Have you ever calculated the percentage your church spends on those outside its walls?
For the first time, I researched giving at several churches. What I found surprised me. Churches I examined were giving 1-2% of their budgets to benevolence, outreach, missions, and ministry partnerships. I believe individual church members are giving more, but my limited sample shows that perhaps as a North American Church, we are giving our leftovers.
Our budgets reveal that the majority of church funding is directed to serving those on the inside—members only. If we’re honest, I wonder if our churches are operating more like country clubs. Today we have an abundance of men’s groups, women’s retreats, softball leagues, and music ministry activities. The church feeds us, nurtures us, babysits our kids, and provides space for important relationships to develop. It encourages us. It entertains us. It uplifts us.

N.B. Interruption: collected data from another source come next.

lemma four_le_new: "4 \<le> m - n" using k n m by linarith

lemma card_new_le_two:
  assumes F: "mnk_intersecting m n k F" and G: "G \<in> F"
  shows "card (G \<inter> {n+1..m}) \<le> 2"
proof (rule ccontr)
  assume many: "\<not> ?thesis"
  have G': "G \<subseteq> {1..m}" "card G = k" using mnk_intersecting_member[OF F G] by auto
  have "{1..n} - G = {1..n} - (G \<inter> {1..n})" by auto
  then have "card ({1..n} - G) = n - card (G \<inter> {1..n})" by (simp add: card_Diff_subset)
  then have "card ({1..n} - G) \<ge> k" using old_new_split(2)[OF G'(1), of n] G'(2) many n k by linarith
  then obtain K where K: "K \<subseteq> {1..n} - G" "card K = k" by (meson obtain_subset_with_card_n)
  then have "K \<in> F" using F unfolding mnk_intersecting_def ksubsets_def by auto
  then show False using F G K unfolding mnk_intersecting_def intersecting_def by blast
qed

lemma member_two_new:
  assumes F: "mnk_intersecting m n k F" and G: "G \<in> F" and two: "card (G \<inter> {n+1..m}) = 2"
  shows "G \<inter> {1..n} \<in> ksubsets {1..n} (k-2)" "G \<inter> {n+1..m} \<in> pair_links m n F (G \<inter> {1..n})"
proof -
  have G': "G \<subseteq> {1..m}" "card G = k" using mnk_intersecting_member[OF F G] by auto
  then show "G \<inter> {1..n} \<in> ksubsets {1..n} (k-2)"
    using old_new_split(2)[OF G'(1), of n] two unfolding ksubsets_def by auto
  show "G \<inter> {n+1..m} \<in> pair_links m n F (G \<inter> {1..n})"
    using old_new_split(1)[OF G'(1), of n] G two unfolding pair_links_def ksubsets_def by auto
qed

lemma member_one_new:
  assumes F: "mnk_intersecting m n k F" and G: "G \<in> F" and one: "G \<inter> {n+1..m} = {y}"
  shows "{1..n} - G \<in> ksubsets {1..n} (k-2)" "y \<in> point_links m n F ({1..n} - G)"
    and "insert y ({1..n} - ({1..n} - G)) = G"
proof -
  have G': "G \<subseteq> {1..m}" "card G = k" using mnk_intersecting_member[OF F G] by auto
  have "card (G \<inter> {1..n}) = k - 1" using old_new_split(2)[OF G'(1), of n] G'(2) one by simp
  moreover have "{1..n} - G = {1..n} - (G \<inter> {1..n})" by auto
  ultimately have "card ({1..n} - G) = n - (k - 1)" by (simp add: card_Diff_subset)
  then show "{1..n} - G \<in> ksubsets {1..n} (k-2)" using n k unfolding ksubsets_def by auto
  show G_eq: "insert y ({1..n} - ({1..n} - G)) = G" using old_new_split(1)[OF G'(1), of n] one by auto
  show "y \<in> point_links m n F ({1..n} - G)" using G G_eq one unfolding point_links_def by auto
qed

lemma card_members_two_new:
  assumes F: "mnk_intersecting m n k F"
  shows "card {G\<in>F. card (G \<inter> {n+1..m}) = 2} = (\<Sum>S\<in>ksubsets {1..n} (k-2). card (pair_links m n F S))"
proof -
  let ?K = "ksubsets {1..n} (k-2)"
  have "bij_betw (\<lambda>(S, e). S \<union> e) (SIGMA S:?K. pair_links m n F S) {G\<in>F. card (G \<inter> {n+1..m}) = 2}"
    (is "bij_betw _ ?A _")
  proof (rule bij_betw_imageI)
    show "inj_on (\<lambda>(S, e). S \<union> e) (SIGMA S:?K. pair_links m n F S)"
      by (rule inj_onI) (auto simp: pair_links_def ksubsets_def old_union_new_eq_iff)
    show "(\<lambda>(S, e). S \<union> e) ` (SIGMA S:?K. pair_links m n F S) = {G\<in>F. card (G \<inter> {n+1..m}) = 2}"
    proof (intro equalityI subsetI)
      fix G assume "G \<in> (\<lambda>(S, e). S \<union> e) ` (SIGMA S:?K. pair_links m n F S)"
      then obtain S e where "S \<in> ?K" "e \<in> pair_links m n F S" "G = S \<union> e" by auto
      then show "G \<in> {G\<in>F. card (G \<inter> {n+1..m}) = 2}"
        using old_union_new(2)[of S n e m] unfolding pair_links_def ksubsets_def by auto
    next
      fix G assume "G \<in> {G\<in>F. card (G \<inter> {n+1..m}) = 2}"
      then have G: "G \<in> F" "card (G \<inter> {n+1..m}) = 2" by auto
      have "G = (\<lambda>(S, e). S \<union> e) (G \<inter> {1..n}, G \<inter> {n+1..m})"
        using old_new_split(1) mnk_intersecting_member[OF F G(1)] by auto
      then show "G \<in> (\<lambda>(S, e). S \<union> e) ` (SIGMA S:?K. pair_links m n F S)"
        using member_two_new[OF F G] by blast
    qed
  qed
  then have "card {G\<in>F. card (G \<inter> {n+1..m}) = 2} = card ?A" by (simp add: bij_betw_same_card)
  also have "\<dots> = (\<Sum>S\<in>?K. card (pair_links m n F S))"
  proof (rule card_SigmaI)
    show "finite ?K" unfolding ksubsets_def by (rule finite_subsets_with) simp
    show "\<forall>S\<in>?K. finite (pair_links m n F S)"
      unfolding pair_links_def ksubsets_def by (auto intro: finite_subsets_with)
  qed
  finally show ?thesis .
qed

lemma card_members_one_new:
  assumes F: "mnk_intersecting m n k F"
  shows "card {G\<in>F. card (G \<inter> {n+1..m}) = 1} = (\<Sum>S\<in>ksubsets {1..n} (k-2). card (point_links m n F S))"
proof -
  let ?K = "ksubsets {1..n} (k-2)"
  have "bij_betw (\<lambda>(S, y). insert y ({1..n} - S)) (SIGMA S:?K. point_links m n F S)
      {G\<in>F. card (G \<inter> {n+1..m}) = 1}" (is "bij_betw ?f ?A _")
  proof (rule bij_betw_imageI)
    show "inj_on ?f ?A"
    proof (rule inj_onI)
      fix u v assume uv: "u \<in> ?A" "v \<in> ?A" "?f u = ?f v"
      obtain S y S' y' where u: "u = (S, y)" and v: "v = (S', y')" by (cases u, cases v)
      have mem: "S \<subseteq> {1..n}" "y \<in> {n+1..m}" "S' \<subseteq> {1..n}" "y' \<in> {n+1..m}"
        using uv(1,2) u v unfolding ksubsets_def point_links_def by auto
      show "u = v" using insert_new_diff_eq_iff[OF mem] uv(3) u v by simp
    qed
    show "?f ` ?A = {G\<in>F. card (G \<inter> {n+1..m}) = 1}"
    proof (intro equalityI subsetI)
      fix G assume "G \<in> ?f ` ?A"
      then obtain S y where "y \<in> point_links m n F S" "G = insert y ({1..n} - S)" by auto
      then show "G \<in> {G\<in>F. card (G \<inter> {n+1..m}) = 1}" unfolding point_links_def by auto
    next
      fix G assume "G \<in> {G\<in>F. card (G \<inter> {n+1..m}) = 1}"
      then have GF: "G \<in> F" and one: "card (G \<inter> {n+1..m}) = 1" by auto
      from one obtain y where "G \<inter> {n+1..m} = {y}" by (rule card_1_singletonE)
      note G = GF this
      have "({1..n} - G, y) \<in> ?A" using member_one_new(1,2)[OF F G] by simp
      moreover have "G = ?f ({1..n} - G, y)" using member_one_new(3)[OF F G] by simp
      ultimately show "G \<in> ?f ` ?A" by (rule rev_image_eqI)
    qed
  qed
  then have "card {G\<in>F. card (G \<inter> {n+1..m}) = 1} = card ?A" by (simp add: bij_betw_same_card)
  also have "\<dots> = (\<Sum>S\<in>?K. card (point_links m n F S))"
  proof (rule card_SigmaI)
    show "finite ?K" unfolding ksubsets_def by (rule finite_subsets_with) simp
    show "\<forall>S\<in>?K. finite (point_links m n F S)" unfolding point_links_def by simp
  qed
  finally show ?thesis .
qed

lemma members_no_new:
  assumes F: "mnk_intersecting m n k F"
  shows "{G\<in>F. card (G \<inter> {n+1..m}) = 0} = ksubsets {1..n} k"
proof (intro equalityI subsetI)
  fix G assume "G \<in> {G\<in>F. card (G \<inter> {n+1..m}) = 0}"
  then have G: "G \<in> F" "G \<inter> {n+1..m} = {}" by auto
  have "G \<subseteq> {1..m}" "card G = k" using mnk_intersecting_member[OF F G(1)] by auto
  then show "G \<in> ksubsets {1..n} k" using G(2) unfolding ksubsets_def by (force simp: subset_iff)
next
  fix G assume "G \<in> ksubsets {1..n} k"
  then show "G \<in> {G\<in>F. card (G \<inter> {n+1..m}) = 0}"
    using F unfolding mnk_intersecting_def ksubsets_def by auto
qed
lemma adjoint_closure_le_if_dense_ranges:
  fixes A :: "'a::chilbert lop"
  assumes lin: "linear_op A" and dense: "dense_set (dom A)" and herm: "hermitian_op A"
    and plus: "dense_set (range_shift A \<i>)" and minus: "dense_set (range_shift A (- \<i>))"
    and adj: "adjoint_op (closure_op A) y = Some z"
  shows "closure_op A y = Some z"
proof -
  let ?C = "closure_op A"
  have cl: "closable A" by (rule closable_if_hermitian[OF dense herm])
  note appC = map_le_app[OF closure_op_extends[OF lin cl]]
  have "dense_set (dom ?C)"
    using dense closure_mono[OF map_le_implies_dom_le[OF closure_op_extends[OF lin cl]]]
    by (auto simp: dense_set_def)
  then have adjC: "\<forall>x\<in>dom ?C. cinner (app ?C x) y = cinner x z"
    using adj adjoint_op_eq_Some_iff by blast
  have adj': "cinner (app A u) y = cinner u z" if "u \<in> dom A" for u
    using bspec[OF adjC appC(1)[OF that]] appC(2)[OF that] by simp
  have "(norm (app A x))\<^sup>2 + (norm x)\<^sup>2 \<le> (norm (app A x + (- \<i>) *\<^sub>C x))\<^sup>2" if "x \<in> dom A" for x
    using norm_shift_hermitian[OF herm that] by simp
  then obtain x w where xw: "(x, w) \<in> closure (graph_op A)" "w + (- \<i>) *\<^sub>C x = z + (- \<i>) *\<^sub>C y"
    using closure_graph_shift_surj[OF lin _ minus] by metis
  have Cx: "?C x = Some w" using xw(1) closure_op_eq_Some_iff[OF lin cl] by blast
  have "cinner (app A u + \<i> *\<^sub>C u) (y - x) = 0" if u: "u \<in> dom A" for u
  proof -
    have "cinner (app A u) x = cinner u w"
      using hermitian_opD[OF closure_op_hermitian[OF lin cl herm] appC(1)[OF u], of x] appC[OF u] Cx
      by (simp add: app_eqI domI)
    with adj'[OF u] have "cinner (app A u + \<i> *\<^sub>C u) (y - x) = cinner u ((z - \<i> *\<^sub>C y) - (w - \<i> *\<^sub>C x))"
      by (simp add: cinner_add_left cinner_add_right cinner_diff_right cinner_scaleC_left
          cinner_scaleC_right algebra_simps)
    also have "(z - \<i> *\<^sub>C y) - (w - \<i> *\<^sub>C x) = 0"
      using xw(2) by (simp add: scaleC_minus_left)
    finally show ?thesis by simp
  qed
  then have "y - x = 0"
    using orthogonal_dense_eq_0[OF plus] unfolding range_shift_def by blast
  then show ?thesis using Cx xw(2) by simp
qed
(* For all integers $n\ge 2$ and $d\ge 1$, $$\left(\frac{(n-1)n^{n-2}}{2}\right)^d\le N(n,d)\le \binom{n}{2}^{nd}.$$
   Context: A (general) pedigree $\mathcal{T}(X_0)$ on a set $X_0$ is a finite directed graph on a vertex set $V$ such that: every vertex has out-degree $0$ or $2$; $X_0\subseteq V$ and every vertex of $X_0$ has in-degree $0$; there are no isolated vertices; vertices of $X_0$ are extant. A discrete generation pedigree of depth $d$ on $X_0$ has vertex set $V=\bigcup_{i=0}^d X_i$ with the $X_i$ disjoint, $X_d$ the set of vertices of out-degree $0$, and every vertex of $X_i$ ($i<d$) having its two out-arcs (to its two parents) in $X_{i+1}$. $N(n,d)$ denotes the number of discrete generation pedigrees of depth $d$ with $|X_i|=n$ for all $0\le i\le d$, on a fixed labelled extant set $X_0$, counted up to isomorphisms (arc-preserving bijections) that fix every vertex of $X_0$; all other vertices are unlabelled. *)

theory Defs
  imports Complex_Main
begin

text \<open>Concrete vertex set for a discrete generation pedigree of depth d with n vertices
  per generation: vertex (i,j) is the j-th vertex of generation X_i. Generation X_0 =
  {(0,j). j < n} is the fixed labelled extant set; the labels of the other vertices are
  irrelevant because we count isomorphism classes (isomorphisms fix X_0 pointwise).
  Arcs point from a child to its parents.\<close>

definition pedV :: "nat \<Rightarrow> nat \<Rightarrow> (nat \<times> nat) set" where
  "pedV n d = {(i, j). i \<le> d \<and> j < n}"

definition dgp :: "nat \<Rightarrow> nat \<Rightarrow> ((nat \<times> nat) \<times> (nat \<times> nat)) set \<Rightarrow> bool" where
  "dgp n d E \<longleftrightarrow>
     E \<subseteq> pedV n d \<times> pedV n d \<and>
     (\<forall>(u, v) \<in> E. fst v = Suc (fst u)) \<and>
     (\<forall>u \<in> pedV n d. fst u < d \<longrightarrow> card {v. (u, v) \<in> E} = 2) \<and>
     (\<forall>u \<in> pedV n d. \<exists>v. (u, v) \<in> E \<or> (v, u) \<in> E)"

definition ped_iso :: "nat \<Rightarrow> nat \<Rightarrow> ((nat \<times> nat) \<times> (nat \<times> nat)) set
    \<Rightarrow> ((nat \<times> nat) \<times> (nat \<times> nat)) set \<Rightarrow> bool" where
  "ped_iso n d E E' \<longleftrightarrow>
     (\<exists>f. bij_betw f (pedV n d) (pedV n d) \<and>
          (\<forall>j < n. f (0, j) = (0, j)) \<and>
          (\<forall>u \<in> pedV n d. \<forall>v \<in> pedV n d. (u, v) \<in> E \<longleftrightarrow> (f u, f v) \<in> E'))"

definition ped_iso_rel :: "nat \<Rightarrow> nat \<Rightarrow>
    (((nat \<times> nat) \<times> (nat \<times> nat)) set \<times> ((nat \<times> nat) \<times> (nat \<times> nat)) set) set" where
  "ped_iso_rel n d = {(E, E'). dgp n d E \<and> dgp n d E' \<and> ped_iso n d E E'}"

definition N :: "nat \<Rightarrow> nat \<Rightarrow> nat" where
  "N n d = card ({E. dgp n d E} // ped_iso_rel n d)"

end

theory Submission
  imports Defs "HOL-Library.FuncSet"
begin

text \<open>A discrete generation pedigree is determined by the 2-set of parents of each of the
  n d non-maximal vertices, which gives the upper bound.

  For the lower bound, let child u of one generation have parents u and g u in the next,
  where g is a spanning tree of the next generation rooted at r, extended by one edge
  from r: by Cayley there are (n - 1) n^(n - 2) such unicyclic assignments. Two of them
  that differ by a relabelling of the parents determine their relabelling uniquely (the
  moved vertices form the cycle through r), so each relabelling class has at most two
  members; for n \<ge> 3 a class representative has no nontrivial symmetry. Stacking d
  representatives gives pedigrees on which every isomorphism is the identity, generation
  by generation, so distinct stacks give distinct isomorphism classes.\<close>

section \<open>Rooted forests\<close>

text \<open>A forest on V with root set R: every non-root x points to its parent a x; the
  height function h witnesses that following parents always ends in R.\<close>
definition forest :: "'a set \<Rightarrow> 'a set \<Rightarrow> ('a \<Rightarrow> 'a) set" where
  "forest V R = {a \<in> (V - R) \<rightarrow>\<^sub>E V. \<exists>h::'a \<Rightarrow> nat. \<forall>x \<in> V - R. h (a x) < h x}"
(* Let $W,V$ be subspaces of $\mathbb{R}^n$ with $\mathbb{R}^n=W\oplus V^\perp$, and let $\mu$ and $\nu$ be probabilistic frames for $W$ and $V$ respectively. Then $\mu$ and $\nu$ perform probabilistic consistent reconstruction if and only if $\nu$ is an oblique dual probabilistic frame of $\mu$ on $V$.
   Context: $\mathcal{P}_2(W)$ denotes Borel probability measures on $\mathbb{R}^n$ concentrated on $W$ with finite second moment. $\mu\in\mathcal{P}_2(W)$ is a probabilistic frame for $W$ if there exist $0<A\le B<\infty$ with $A\|\mathbf{x}\|^2\le\int_W|\langle\mathbf{x},\mathbf{y}\rangle|^2d\mu(\mathbf{y})\le B\|\mathbf{x}\|^2$ for all $\mathbf{x}\in W$. $\Gamma(\mu,\nu)$ is the set of Borel probability measures on $W\times V$ with marginals $\mu$ and $\nu$. $\boldsymbol{\pi}_{WV^\perp}$ is the oblique projection of $\mathbb{R}^n$ onto $W$ along $V^\perp$. $\nu\in\mathcal{P}_2(V)$ is an oblique dual probabilistic frame of $\mu\in\mathcal{P}_2(W)$ on $V$ if there exists $\gamma\in\Gamma(\mu,\nu)$ with $\boldsymbol{\pi}_{WV^\perp}=\int_{W\times V}\mathbf{x}\mathbf{y}^t\,d\gamma(\mathbf{x},\mathbf{y})$. $\mu$ and $\nu$ perform probabilistic consistent reconstruction if there exists $\gamma\in\Gamma(\mu,\nu)$ such that for every $\mathbf{f}\in\mathbb{R}^n$, $\langle\mathbf{f},\mathbf{z}\rangle=\langle\hat{\mathbf{f}},\mathbf{z}\rangle$ for $\nu$-almost all $\mathbf{z}\in V$, where $\hat{\mathbf{f}}=\int_{W\times V}\mathbf{x}\langle\mathbf{y},\mathbf{f}\rangle\,d\gamma(\mathbf{x},\mathbf{y})$. *)

theory Defs
  imports "HOL-Analysis.Analysis" "HOL-Probability.Probability"
begin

But what if the primary point of church wasn’t “us”? What if the point was to bring the Good News to the poor? What if it was to care for the widow, the orphan and the alien? What if the primary point was outward service to a world in need as we bring the amazing message of hope and forgiveness found in Jesus?
A self-sufficient and satisfied church is only mentioned once in Scripture—the church of Laodicea. And Jesus wanted to spew that sort of lukewarm church out of His mouth. Jesus became poor for our sake. He went to the cross in our place. Surely that sort of love prompts a response than is well beyond our leftovers.
When we truly understand what Jesus did for us, we can’t remain content with country-club Christianity.
It is time for some healthy introspection and tough questions: what do our budgets tell us about our mission? Are we really following the example of Jesus or just printing a few verses on our golf carts? If we follow the money, we might be shocked that the way we do church is all about us.
Thankfully, there are churches charting a new course. For example, the Lutheran Church of Hope in Des Moines, Iowa, gives 50% of its budget for internal need, the other half for missions and outreach. Church of the Holy Spirit in Roanoke, Virginia, has committed to helping to end extreme global poverty through sacrificial giving. My home church recently introduced the “faith pledge” and encouraged members to get more involved in missions.
I might be naïve, but I believe that just possibly the North American Church is dissatisfied with country-club Christianity and ready to go deeper in service to others.